What do dog noses have that humans don't? They possess up to 300 million olfactory receptors in their noses, compared to about six million in us. And the part of a dog's brain that is devoted to analyzing smells is about 40 times greater than ours. Dogs also have something called neophilia, which means they are attracted to new and interesting odors.
Dogs possess a sense of smell many times more sensitive than even the most advanced man-made instrument. Powerful enough to detect substances at concentrations of one part per trillion—a single drop of liquid in 20 Olympic-size swimming pools. With training, dogs can sniff out bombs and drugs, pursue suspects, and find dead bodies. And more and more, they’re being used experimentally to detect human disease—cancer, diabetes, tuberculosis, and now, malaria—from smell alone.

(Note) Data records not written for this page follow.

theory Submission
  imports Defs
begin

text \<open>Put \<open>w = U P\<close>, i.e. \<open>w\<^sub>n = U\<^sub>n\<^sub>n P\<^sub>n + P\<^sub>n\<^sub>+\<^sub>1\<close>. The factorization gives
  \<open>L w = (J - C I) P = (z - C) P\<close> with \<open>L = L\<^sup>(\<^sup>1\<^sup>) \<cdots> L\<^sup>(\<^sup>p\<^sup>)\<close> lower unitriangular, so every
  \<open>w\<^sub>n\<close> is divisible by \<open>z - C\<close>. Since \<open>J\<^sup>(\<^sup>p\<^sup>) w = C w + U L w = C w + (z - C) w = z w\<close> and
  \<open>w\<^sub>0 = z - C\<close>, the quotients \<open>w\<^sub>n / (z - C)\<close> form the eigenvector of the lower Hessenberg
  matrix \<open>J\<^sup>(\<^sup>p\<^sup>)\<close> starting with 1, which is \<open>P\<^sup>(\<^sup>p\<^sup>)\<close>. This is the Christoffel formula
  \<open>(z - C) P\<^sup>(\<^sup>p\<^sup>)\<^sub>n = U\<^sub>n\<^sub>n P\<^sub>n + P\<^sub>n\<^sub>+\<^sub>1\<close>, through which the orthogonality relations of \<open>\<nu>\<close>
  for \<open>P\<close> pass to \<open>(z - C) \<nu>\<close> for \<open>P\<^sup>(\<^sup>p\<^sup>)\<close>; here \<open>U\<^sub>n\<^sub>n \<noteq> 0\<close> because \<open>P\<^sub>n\<^sub>+\<^sub>1(C) \<noteq> 0\<close>.\<close>

definition imat_apply :: "imat \<Rightarrow> (nat \<Rightarrow> complex poly) \<Rightarrow> nat \<Rightarrow> complex poly" where
  "imat_apply A u i = (\<Sum>j\<in>{j. A i j \<noteq> 0}. smult (A i j) (u j))"

definition row_finite :: "imat \<Rightarrow> bool" where
  "row_finite A \<longleftrightarrow> (\<forall>i. finite {j. A i j \<noteq> 0})"

definition lower_unitriangular :: "imat \<Rightarrow> bool" where
  "lower_unitriangular A \<longleftrightarrow> (\<forall>i k. i < k \<longrightarrow> A i k = 0) \<and> (\<forall>i. A i i = 1)"

lemma smult_sum_right: "smult c (\<Sum>i\<in>S. f i) = (\<Sum>i\<in>S. smult c (f i))"
  by (induction S rule: infinite_finite_induct) (auto simp: smult_add_right)

lemma imat_apply_eq_sum:
  "finite F \<Longrightarrow> {j. A i j \<noteq> 0} \<subseteq> F \<Longrightarrow> imat_apply A u i = (\<Sum>j\<in>F. smult (A i j) (u j))"
  unfolding imat_apply_def by (rule sum.mono_neutral_left) auto

lemma mmul_eq_sum:
  "finite F \<Longrightarrow> {j. A i j \<noteq> 0} \<subseteq> F \<Longrightarrow> mmul A B i k = (\<Sum>j\<in>F. A i j * B j k)"
  unfolding mmul_def by (rule sum.mono_neutral_left) auto

lemma imat_apply_mult_left: "imat_apply A (\<lambda>m. q * u m) i = q * imat_apply A u i"
  by (simp only: imat_apply_def sum_distrib_left mult_smult_right)

lemma support_mmul_subset:
  "{k. mmul A B i k \<noteq> 0} \<subseteq> (\<Union>j\<in>{j. A i j \<noteq> 0}. {k. B j k \<noteq> 0})"
proof
  fix k assume "k \<in> {k. mmul A B i k \<noteq> 0}"
  then obtain j where "A i j \<noteq> 0" "A i j * B j k \<noteq> 0"
    unfolding mmul_def by (auto elim: sum.not_neutral_contains_not_neutral)
  then show "k \<in> (\<Union>j\<in>{j. A i j \<noteq> 0}. {k. B j k \<noteq> 0})" by auto
qed

lemma row_finite_mmul:
  assumes "row_finite A" "row_finite B" shows "row_finite (mmul A B)"
  unfolding row_finite_def
proof
  fix i
  have "finite (\<Union>j\<in>{j. A i j \<noteq> 0}. {k. B j k \<noteq> 0})"
    using assms unfolding row_finite_def by blast
  then show "finite {k. mmul A B i k \<noteq> 0}" by (rule finite_subset[OF support_mmul_subset])
qed

lemma imat_apply_mmul:
  assumes "row_finite A" "row_finite B"
  shows "imat_apply (mmul A B) u i = imat_apply A (imat_apply B u) i"
proof -
  define S where "S = {j. A i j \<noteq> 0}"
  define T where "T = (\<Union>j\<in>S. {k. B j k \<noteq> 0})"
  have "finite S" using assms unfolding row_finite_def S_def by blast
  then have fin_T: "finite T" using assms unfolding row_finite_def T_def by blast
  have "{k. mmul A B i k \<noteq> 0} \<subseteq> T"
    using support_mmul_subset unfolding T_def S_def .
  then have "imat_apply (mmul A B) u i = (\<Sum>k\<in>T. smult (mmul A B i k) (u k))"
    by (rule imat_apply_eq_sum[OF fin_T])
  also have "\<dots> = (\<Sum>k\<in>T. \<Sum>j\<in>S. smult (A i j) (smult (B j k) (u k)))"
    by (simp add: mmul_def S_def smult_sum)
  also have "\<dots> = (\<Sum>j\<in>S. \<Sum>k\<in>T. smult (A i j) (smult (B j k) (u k)))"
    by (rule sum.swap)
  also have "\<dots> = (\<Sum>j\<in>S. smult (A i j) (imat_apply B u j))"
  proof (rule sum.cong[OF refl])
    fix j assume "j \<in> S"
    then have "{k. B j k \<noteq> 0} \<subseteq> T" unfolding T_def by blast
    then show "(\<Sum>k\<in>T. smult (A i j) (smult (B j k) (u k))) = smult (A i j) (imat_apply B u j)"
      by (simp add: imat_apply_eq_sum[OF fin_T] smult_sum_right)
  qed
  also have "\<dots> = imat_apply A (imat_apply B u) i" by (simp add: imat_apply_def S_def)
  finally show ?thesis .
qed

lemma imat_apply_add:
  assumes "row_finite A" "row_finite B"
  shows "imat_apply (\<lambda>i k. A i k + B i k) u i = imat_apply A u i + imat_apply B u i"
proof -
  define F where "F = {j. A i j \<noteq> 0} \<union> {j. B i j \<noteq> 0}"
  have fin_F: "finite F" using assms unfolding row_finite_def F_def by blast
  have "imat_apply (\<lambda>i k. A i k + B i k) u i = (\<Sum>j\<in>F. smult (A i j + B i j) (u j))"
    by (rule imat_apply_eq_sum[OF fin_F]) (auto simp: F_def)
  also have "\<dots> = (\<Sum>j\<in>F. smult (A i j) (u j)) + (\<Sum>j\<in>F. smult (B i j) (u j))"
    by (simp add: smult_add_left sum.distrib)
  also have "\<dots> = imat_apply A u i + imat_apply B u i"
    by (simp add: imat_apply_eq_sum[OF fin_F] F_def)
  finally show ?thesis .
qed

lemma support_diag_subset: "{k. (if i = k then c else 0) \<noteq> 0} \<subseteq> {i}"
  by auto

lemma row_finite_diag: "row_finite (\<lambda>i k. if i = k then c else 0)"
  unfolding row_finite_def by (simp add: finite_subset[OF support_diag_subset])

lemma imat_apply_diag: "imat_apply (\<lambda>i k. if i = k then c else 0) u i = smult c (u i)"
  using imat_apply_eq_sum[OF _ support_diag_subset] by simp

Dogs' noses also function quite differently than our own. When we inhale, we smell and breathe through the same airways within our nose. When dogs inhale, a fold of tissue just inside their nostril helps to separate these two functions.
When we exhale through our nose, we send the spent air out the way it came in, forcing out any incoming odors. When dogs exhale, the spent air exits through the slits in the sides of their noses. The manner in which the exhaled air swirls out actually helps usher new odors into the dog's nose. More importantly, it allows dogs to sniff more or less continuously.
We can't wiggle our nostrils independently. Dogs can. This, along with the fact that the so-called aerodynamic reach of each of their nostrils is smaller than the distance between the nostrils, helps them to determine which nostril an odor arrived in. This aids them in locating the source of smells—we've all seen dogs on an interesting scent weave back and forth across its invisible trail.